The changing nature of assets connected to the gas network present “a very real problem that needs a solution” in the event of a gas supply emergency, National Grid Gas Transmission (NGGT) said at a meeting that kicked off examination of the emergency arrangements.
NGGT said it was in discussion with BEIS, HSE and Ofgem over its concern, and kicked off the a discussion on the problem statement: “When there is a shortage of gas which leads to an impact on electricity generation there is currently no robust methodology, tools or coordinating party to compare the impact on gas and electricity consumers. This may result in an uncoordinated response that leads to unnecessary safety and/or financial consequences to consumers and wider societal impact”.
The discussion was referred to by a meeting particpant as “long overdue”. The evolution of the electricity system operator to become more independent of National Grid has also made more pressing the consideration of information flows between the two systrems during an emergency.

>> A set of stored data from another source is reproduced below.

lemma mm_bins_length_le:
  fixes a b :: real
  assumes "sorted_items v xs" "2 \<le> k" "0 \<le> a" "0 \<le> b" "1 \<le> real k * a" "1 \<le> 2 * a + 2 * b / 3"
  shows "real (length (mm_bins v k 0 [] xs))
    \<le> real (card (large_items v (set xs))) + (\<Sum>i\<in>small_bin_items v (mm_bins v k 0 [] xs). a + b * v i) + 1"
  using assms(1)
proof (induction "length xs" arbitrary: xs rule: less_induct)
  case less
  show ?case
  proof (cases "xs = []")
    case False
    obtain H M Tl c where split: "xs = H @ M @ Tl" "H \<noteq> []" "set c = set H \<union> set Tl" "distinct c"
      "length c = length H + length Tl" "load v c = load v H + load v Tl" "load v c \<le> 1"
      "k \<le> length H \<or> M @ Tl = [] \<or> 1 < load v H + v (hd (M @ Tl))"
      and run: "next_bin v k 0 [] xs c M"
      by (rule mm_bins_first_bin[OF less.prems False, where k = k]) (use assms(2) in linarith)
    have pos: "\<forall>i\<in>set xs. 0 < v i" and dxs: "distinct xs"
      using less.prems unfolding sorted_items_def by auto
    let ?W = "\<lambda>A. \<Sum>i\<in>A. a + b * v i"
    have small_xs: "small_bin_items v (mm_bins v k 0 [] xs) \<subseteq> set xs"
      using small_bin_items_subset[of v "mm_bins v k 0 [] xs"] unfolding set_concat_mm_bins by simp
    have W_nonneg: "0 \<le> ?W (small_bin_items v (mm_bins v k 0 [] xs))"
      using small_xs pos assms(3,4) by (intro sum_nonneg) (auto simp: less_imp_le)
    consider "M = []" "mm_bins v k 0 [] xs = [c]"
      | "M \<noteq> []" "mm_bins v k 0 [] xs = c # mm_bins v k 0 [] M" "bin_full v k c M"
      using run unfolding next_bin_def by blast
    then show ?thesis
    proof cases
      case 2
      have "length M < length xs" using split(1,2) by simp
      moreover have sorted_M: "sorted_items v M" using sorted_items_middle less.prems split(1) by blast
      ultimately have IH: "real (length (mm_bins v k 0 [] M)) \<le> real (card (large_items v (set M)))
           + ?W (small_bin_items v (mm_bins v k 0 [] M)) + 1"
        using less.hyps by blast
      have small_M: "small_bin_items v (mm_bins v k 0 [] M) \<subseteq> set M"
        using small_bin_items_subset[of v "mm_bins v k 0 [] M"] unfolding set_concat_mm_bins by simp
      have large_M: "large_items v (set M) \<subseteq> large_items v (set xs)" using split(1) by auto
      show ?thesis
      proof (cases "v (hd xs) \<le> 1/2")
        case True
        have small: "v i \<le> 1/2" if "i \<in> set xs" for i
          using antisorted_le_hd[OF _ that] less.prems True unfolding sorted_items_def by fastforce
        then have "\<forall>i\<in>set c. v i \<le> 1/2" using split(1,3) by auto
        then have small_eq: "small_bin_items v (mm_bins v k 0 [] xs) = set c \<union> small_bin_items v (mm_bins v k 0 [] M)"
          using 2 by simp
        have "set c \<inter> set M = {}" using dxs split(1,3) by auto
        then have W_eq: "?W (small_bin_items v (mm_bins v k 0 [] xs)) = ?W (set c) + ?W (small_bin_items v (mm_bins v k 0 [] M))"
          unfolding small_eq using small_M by (intro sum.union_disjoint) (auto intro: finite_subset)
        have "1 \<le> ?W (set c)"
        proof (rule filled_bin_weight_ge_one[OF assms(3-6) split(4)])
          show "\<forall>i\<in>set c. 0 \<le> v i" using pos split(1,3) by (auto simp: less_imp_le)
          show "k \<le> length c \<or> (2 \<le> length c \<and> 2/3 < load v c)"
            using small_bin_filled[OF less.prems split(1,2) 2(1) assms(2) split(8) 2(3) split(6,5) True] .
        qed
        then show ?thesis using IH 2(2) W_eq card_mono[OF _ large_M] by simp
      next
        case False
        have "hd xs \<in> set c" using large_bin_items(1)[OF less.prems split(1-4,7)] False by simp
        then have large_c: "\<not> (\<forall>i\<in>set c. v i \<le> 1/2)" using False by auto
        have small_eq: "small_bin_items v (mm_bins v k 0 [] xs) = small_bin_items v (mm_bins v k 0 [] M)"
          unfolding 2(2) small_bin_items.simps if_not_P[OF large_c] by simp
        have "hd xs \<notin> set M" using \<open>hd xs \<in> set c\<close> dxs split(1,3) by auto
        have "insert (hd xs) (large_items v (set M)) \<subseteq> large_items v (set xs)"
          using large_M False \<open>xs \<noteq> []\<close> by auto
        then have "card (insert (hd xs) (large_items v (set M))) \<le> card (large_items v (set xs))"
          by (intro card_mono) simp_all
        then have "card (large_items v (set M)) + 1 \<le> card (large_items v (set xs))"
          using \<open>hd xs \<notin> set M\<close> by simp
        then show ?thesis using IH 2(2) small_eq by simp
      qed
    qed (use W_nonneg in simp)
  qed simp
qed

Gas supply emergencies are very rare because the system has diverse sources – storage, as well as gas pipelines and LNG terminals – it responds over hours instead of miliseconds (as with the electricity network) and the pipeline network itself represents a form of storage as it can be ‘packed’ with extra gas. However, the advent of fleets of gas engines that are connected to the distribution networks – which are not operated by NGGT – is just one change that has caused NGGT to begin its reassessment of emergency arrangements.
In a gas emergency NGGT can call on the power sector to respond by powering down gas generation, at first by using commercial options that incentivise the market to switch to other forms of generation. NGGT has direct contact with such plant as they are connected to its high pressure network. If the emergency continues other measures are used such as interrupting demand customers.

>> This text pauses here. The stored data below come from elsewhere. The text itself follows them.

lemma kconn_replace_by_neighbours:
  assumes G: "simple_graph V E"
    and deg: "\<forall>v\<in>V. real (degree V E v) > real (k - 1) * real (card V) / real k"
    and U: "is_clique V E k U" and a: "a \<in> V" and T: "finite T" "T \<subseteq> U"
    and exchange: "\<And>K x y. kconn V E k U K \<Longrightarrow> U - T \<subseteq> K \<Longrightarrow> x \<in> T \<Longrightarrow> x \<in> K \<Longrightarrow>
        is_clique V E k (insert y (K - {x})) \<Longrightarrow> kconn V E k K (insert y (K - {x}))"
  shows "\<exists>K. kconn V E k U K \<and> U - T \<subseteq> K \<and> (\<forall>z\<in>K - (U - T). E z a)"
  using T exchange
proof (induction T rule: finite_induct)
  case empty
  show ?case using kconn_refl[OF U] by blast
next
  case (insert t T)
  have "kconn V E k K (insert y (K - {x}))"
    if "kconn V E k U K" "U - T \<subseteq> K" "x \<in> T" "x \<in> K" "is_clique V E k (insert y (K - {x}))"
    for K x y
    using insert.prems(2) that by blast
  then obtain K where K: "kconn V E k U K" "U - T \<subseteq> K" "\<forall>z\<in>K - (U - T). E z a"
    using insert.IH insert.prems(1) by blast
  have t: "t \<in> K" using insert.hyps(2) insert.prems(1) K(2) by blast
  obtain z where K': "is_clique V E k (insert z (K - {t}))" and z: "E z a"
    using ex_clique_exchange[OF G deg kconn_is_clique[OF K(1)] t a] by blast
  have "kconn V E k K (insert z (K - {t}))"
    using insert.prems(2)[OF K(1) _ _ t K'] K(2) by blast
  then have "kconn V E k U (insert z (K - {t}))" using K(1) kconn_trans by blast
  moreover have "U - insert t T \<subseteq> insert z (K - {t})" using K(2) by blast
  moreover have "\<forall>z'\<in>insert z (K - {t}) - (U - insert t T). E z' a" using K(3) z by blast
  ultimately show ?case by blast
qed

lemma ex_kconn_clique_containing:
  assumes G: "simple_graph V E"
    and deg: "\<forall>v\<in>V. real (degree V E v) > real (k - 1) * real (card V) / real k"
    and no_config: "\<not> config V E k (l - 1) l" and l: "l \<le> k"
    and cs: "config_sets V E k P Q R D" and R: "card R = k - l"
    and q: "q \<in> Q" and a: "a \<in> D"
  shows "\<exists>Y. kconn V E k (P \<union> Q \<union> R) Y \<and> insert a (P \<union> R) \<subseteq> Y"
proof -
  let ?U = "P \<union> Q \<union> R"
  note exchange = kconn_exchange_if_not_config[OF no_config l cs R]
  have E_sym: "\<And>x y. E x y \<Longrightarrow> E y x" using G by (simp add: simple_graph_def)
  have U: "is_clique V E k ?U" and X: "is_clique V E k (P \<union> D \<union> R)"
    and disj: "P \<inter> Q = {}" "Q \<inter> R = {}" "D \<inter> (P \<union> R) = {}"
    using cs by (auto simp: config_sets_def)
  have a_V: "a \<in> V" using X a by (auto simp: is_clique_def)
  have a_adj: "E a b" if "b \<in> P \<union> R" for b
  proof -
    have "a \<noteq> b" using a that disj(3) by blast
    then show ?thesis using X a that unfolding is_clique_def by blast
  qed
  have fixed: "?U - (Q - {q}) = insert q (P \<union> R)" using q disj by blast
  have T: "finite (Q - {q})" "Q - {q} \<subseteq> ?U" using U by (auto simp: is_clique_def)
  have exchange_T: "kconn V E k K (insert y (K - {x}))"
    if "kconn V E k ?U K" "?U - (Q - {q}) \<subseteq> K" "x \<in> Q - {q}" "x \<in> K"
      "is_clique V E k (insert y (K - {x}))" for K x y
    using that by (intro exchange) (auto simp: fixed)
  obtain K where K: "kconn V E k ?U K" "insert q (P \<union> R) \<subseteq> K"
    and K_adj: "\<forall>z\<in>K - insert q (P \<union> R). E z a"
    using kconn_replace_by_neighbours[OF G deg U a_V T exchange_T] unfolding fixed by blast
  show ?thesis
  proof (cases "a \<in> K")
    case True
    then show ?thesis using K by blast
  next
    case False
    have "E a b" if "b \<in> K - {q}" for b
      using that a_adj K_adj E_sym[of b a] by blast
    then have "is_clique V E k (insert a (K - {q}))"
      using is_clique_insert_Diff[OF G kconn_is_clique[OF K(1)] _ a_V] K(2) by blast
    then have "kconn V E k K (insert a (K - {q}))" using exchange K q by blast
    then have "kconn V E k ?U (insert a (K - {q}))" using K(1) kconn_trans by blast
    moreover have "insert a (P \<union> R) \<subseteq> insert a (K - {q})" using K(2) q disj by blast
    ultimately show ?thesis by blast
  qed
qed

lemma not_config_sets:
  assumes G: "simple_graph V E"
    and deg: "\<forall>v\<in>V. real (degree V E v) > real (k - 1) * real (card V) / real k"
    and no_config: "\<not> config V E k (l - 1) l" "\<not> config V E k (j + 1) l"
    and jl: "j + 2 \<le> l" "l \<le> k" and card: "card P = j" "card R = k - l"
  shows "\<not> config_sets V E k P Q R D"
proof
  assume cs: "config_sets V E k P Q R D"
  let ?U = "P \<union> Q \<union> R" and ?X = "P \<union> D \<union> R"
  have X: "is_clique V E k ?X" and UX: "\<not> kconn V E k ?U ?X"
    and disj: "P \<inter> Q = {}" "P \<inter> R = {}" "Q \<inter> R = {}" "D \<inter> (P \<union> R) = {}"
    using cs by (auto simp: config_sets_def)
  have "card Q = l - j" "card D = l - j" using config_sets_card[OF cs] card jl by auto
  then have "Q \<noteq> {}" "D \<noteq> {}" using jl by auto
  then obtain q d where q: "q \<in> Q" and d: "d \<in> D" by blast
  have "\<forall>s\<in>D. \<exists>Y. kconn V E k ?U Y \<and> insert s (P \<union> R) \<subseteq> Y"
    using ex_kconn_clique_containing[OF G deg no_config(1) jl(2) cs card(2) q] by simp
  then obtain Y where Y: "\<forall>s\<in>D. kconn V E k ?U (Y s) \<and> insert s (P \<union> R) \<subseteq> Y s"
    by (rule bchoice[elim_format]) blast
  have Y_clique: "is_clique V E k (Y s)" and Y_sub: "insert s R \<subseteq> Y s"
    and not_kconn_XY: "\<not> kconn V E k ?X (Y s)" if "s \<in> D" for s
  proof -
    have "kconn V E k ?U (Y s)" using Y that by blast
    then show "is_clique V E k (Y s)" "\<not> kconn V E k ?X (Y s)"
      using kconn_is_clique UX not_kconn_if_kconn kconn_sym by blast+
    show "insert s R \<subseteq> Y s" using Y that by blast
  qed
  have "insert d P \<union> (D - {d}) \<union> R = ?X" "insert d P \<union> (Y d - insert d (P \<union> R)) \<union> R = Y d"
    using d Y by blast+
  moreover have "\<forall>s\<in>D - {d}. \<exists>W. is_clique V E k W \<and> insert s R \<subseteq> W \<and> \<not> kconn V E k ?X W"
    using Y_clique Y_sub not_kconn_XY by blast
  ultimately have "config_sets V E k (insert d P) (D - {d}) R (Y d - insert d (P \<union> R))"
    unfolding config_sets_def using X disj d Y_clique[OF d] not_kconn_XY[OF d] by auto
  moreover have "card (insert d P) = j + 1"
  proof -
    have "finite P" using X by (simp add: is_clique_def)
    moreover have "d \<notin> P" using d disj(4) by blast
    ultimately show ?thesis using card(1) by simp
  qed
  ultimately have "config V E k (j + 1) l"
    using card jl by (intro config_if_config_sets) auto
  then show False using no_config(2) by contradiction
qed

theorem lemma5p1:
  fixes V :: "'a set" and E :: "'a \<Rightarrow> 'a \<Rightarrow> bool" and j k l :: nat
  assumes "simple_graph V E"
    and "3 \<le> j + 2" and "j + 2 \<le> l" and "l \<le> k"
    and "\<forall>v\<in>V. real (degree V E v) > real (k - 1) * real (card V) / real k"
    and "\<exists>C1\<in>kcomponents V E k. \<exists>C2\<in>kcomponents V E k. C1 \<noteq> C2"
    and "\<forall>p q. 0 < p \<and> p < q \<and> q < l \<longrightarrow> \<not> config V E k p q"
    and "\<forall>p q. j < p \<and> p < q \<and> q = l \<longrightarrow> \<not> config V E k p q"
  shows "\<not> config V E k j l"
proof
  assume "config V E k j l"
  then obtain P Q R D where cs: "config_sets V E k P Q R D" "card P = j" "card R = k - l"
    using config_sets_if_config assms(3,4) by (metis add_leD1)
  have "\<not> config V E k (l - 1) l" "\<not> config V E k (j + 1) l"
    using assms(3) by (auto intro!: assms(8)[rule_format])
  with cs show False
    using not_config_sets[OF assms(1,5) _ _ assms(3,4)] by blast
qed

end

Gas engines, however, are invisible to NGGT’s control room. They are just one among a large number of customers connected on each gas disribution network (GDN), and it is the GDN entry point which is the ‘customer’ visible to NGGT.

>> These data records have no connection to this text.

lemma connected_in_trans:
  assumes "connected_in W E u v" "connected_in W E v w"
  shows "connected_in W E u w"
proof -
  obtain xs0 ys0 where xs0: "walk_in W E xs0" "hd xs0 = u" "last xs0 = v"
    and ys0: "walk_in W E ys0" "hd ys0 = v" "last ys0 = w"
    using assms unfolding connected_in_def by blast
  obtain xs ys where xs: "xs0 = xs @ [v]" and ys: "ys0 = v # ys"
    using xs0 ys0 by (cases xs0 rule: rev_cases; cases ys0) auto
  have "walk_in W E (xs @ v # ys)"
    using xs0(1) ys0(1) walk_in_append_iff[of W E xs v ys] unfolding xs ys by simp
  moreover have "hd (xs @ v # ys) = u"
    using xs0(2) unfolding xs by (cases xs) simp_all
  moreover have "last (xs @ v # ys) = w"
    using ys0(3) unfolding ys by simp
  ultimately show ?thesis
    unfolding connected_in_def by blast
qed

lemma connected_in_subset: "connected_in W E u v \<Longrightarrow> u \<in> W \<and> v \<in> W"
  unfolding connected_in_def walk_in_def by (auto simp: hd_in_set last_in_set subset_iff)

lemma walk_in_imp_connected_in: "walk_in W E xs \<Longrightarrow> connected_in W E (hd xs) (last xs)"
  unfolding connected_in_def by blast

lemma walk_in_shortcut:
  "walk_in W E xs \<Longrightarrow> \<exists>p. walk_in W E p \<and> distinct p \<and> hd p = hd xs \<and> last p = last xs"
proof (induction "length xs" arbitrary: xs rule: less_induct)
  case less
  show ?case
  proof (cases "distinct xs")
    case False
    then obtain as x bs cs where xs: "xs = as @ [x] @ bs @ [x] @ cs"
      using not_distinct_decomp by blast
    have "walk_in W E (as @ [x])" "walk_in W E (x # cs)"
      using less.prems walk_in_append_iff[of W E as x "bs @ x # cs"]
        walk_in_append_iff[of W E "as @ x # bs" x cs] xs by simp_all
    then have "walk_in W E (as @ x # cs)"
      using walk_in_append_iff[of W E as x cs] by simp
    moreover have "hd (as @ x # cs) = hd xs"
      unfolding xs by (cases as) simp_all
    moreover have "last (as @ x # cs) = last xs"
      unfolding xs by simp
    ultimately show ?thesis
      using less.hyps[of "as @ x # cs"] xs by auto
  qed (use less.prems in blast)
qed

lemma connected_in_imp_distinct_walk:
  assumes "connected_in W E u v"
  obtains p where "walk_in W E p" "distinct p" "hd p = u" "last p = v"
  using assms walk_in_shortcut unfolding connected_in_def by blast

locale tree =
  fixes V :: "'a set" and E :: "'a \<Rightarrow> 'a \<Rightarrow> bool"
  assumes is_tree: "is_tree V E"
begin

lemma finite_vertices: "finite V"
  using is_tree unfolding is_tree_def simple_graph_def by blast

lemma edge_sym: "E u v \<Longrightarrow> E v u"
  using is_tree unfolding is_tree_def simple_graph_def by blast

In fact, the gas engines may not be obvious to the GDN operator either, because complex contracts structures mean that the gas user who contracts with the GDN may have a different designation than the site.
GDN supplies are the last to be interrupted, not least because they are providing gas to end users, including domestic customers. Many of these end users are vulnerable. For safety reasons every user would require individual home visits to restart the gas supply if it were interrupted – a more costly and disruptive return to service than interrupting electricity supplies, which can be remotely restarted.
Gas engines can ‘free ride’ on this effectively ‘guaranteed supply’. And in the event of a gas emergency that involves switching off transmission-connected gas turbines, they are almost certain to start up to take advantage of the resultant high prices in the electricity market. That means the reduced gas demand on NGGT’s network will be immediately eroded by increased demand from the GDNs.
The gas engine fleets may be among the large users within a GDN area (although that varies widely) and the neither the GDN nor NGGT is routinely informed when such plant are started up.
This interaction is a relatively new one for the gas and electricity systems, which were previously linked only at the transmission level and with emergency arrangements that applied between large parties.
Other changes such as the addition of LNG to the system have raised questions such as whether the electricity supply to LNG terminals and to NGGT’s compressor stations are safeguarded in an emergency. Another participant noted that ‘black start’ capability to recover the electricity system after a blackout also relies increasingly on gas.